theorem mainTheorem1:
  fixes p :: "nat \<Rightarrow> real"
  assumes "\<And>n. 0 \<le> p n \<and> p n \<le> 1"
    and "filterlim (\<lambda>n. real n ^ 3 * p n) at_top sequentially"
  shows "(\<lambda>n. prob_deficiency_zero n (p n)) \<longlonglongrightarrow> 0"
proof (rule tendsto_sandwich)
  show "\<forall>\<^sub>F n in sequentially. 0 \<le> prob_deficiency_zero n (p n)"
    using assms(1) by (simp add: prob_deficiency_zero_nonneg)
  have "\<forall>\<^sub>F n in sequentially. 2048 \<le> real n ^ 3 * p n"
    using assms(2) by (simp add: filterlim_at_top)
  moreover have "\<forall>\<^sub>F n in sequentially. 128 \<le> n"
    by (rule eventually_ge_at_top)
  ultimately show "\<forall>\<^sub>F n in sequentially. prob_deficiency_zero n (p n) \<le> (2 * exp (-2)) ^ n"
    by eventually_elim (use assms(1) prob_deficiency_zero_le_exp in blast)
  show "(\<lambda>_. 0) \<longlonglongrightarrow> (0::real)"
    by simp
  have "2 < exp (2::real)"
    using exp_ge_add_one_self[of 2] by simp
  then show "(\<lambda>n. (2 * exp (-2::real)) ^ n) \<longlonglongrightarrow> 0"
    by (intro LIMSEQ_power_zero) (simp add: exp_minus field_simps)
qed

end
**********
From the data above, gather every line that includes the word "using".

    using assms(1) by (simp add: prob_deficiency_zero_nonneg)
    using assms(2) by (simp add: filterlim_at_top)
    using exp_ge_add_one_self[of 2] by simp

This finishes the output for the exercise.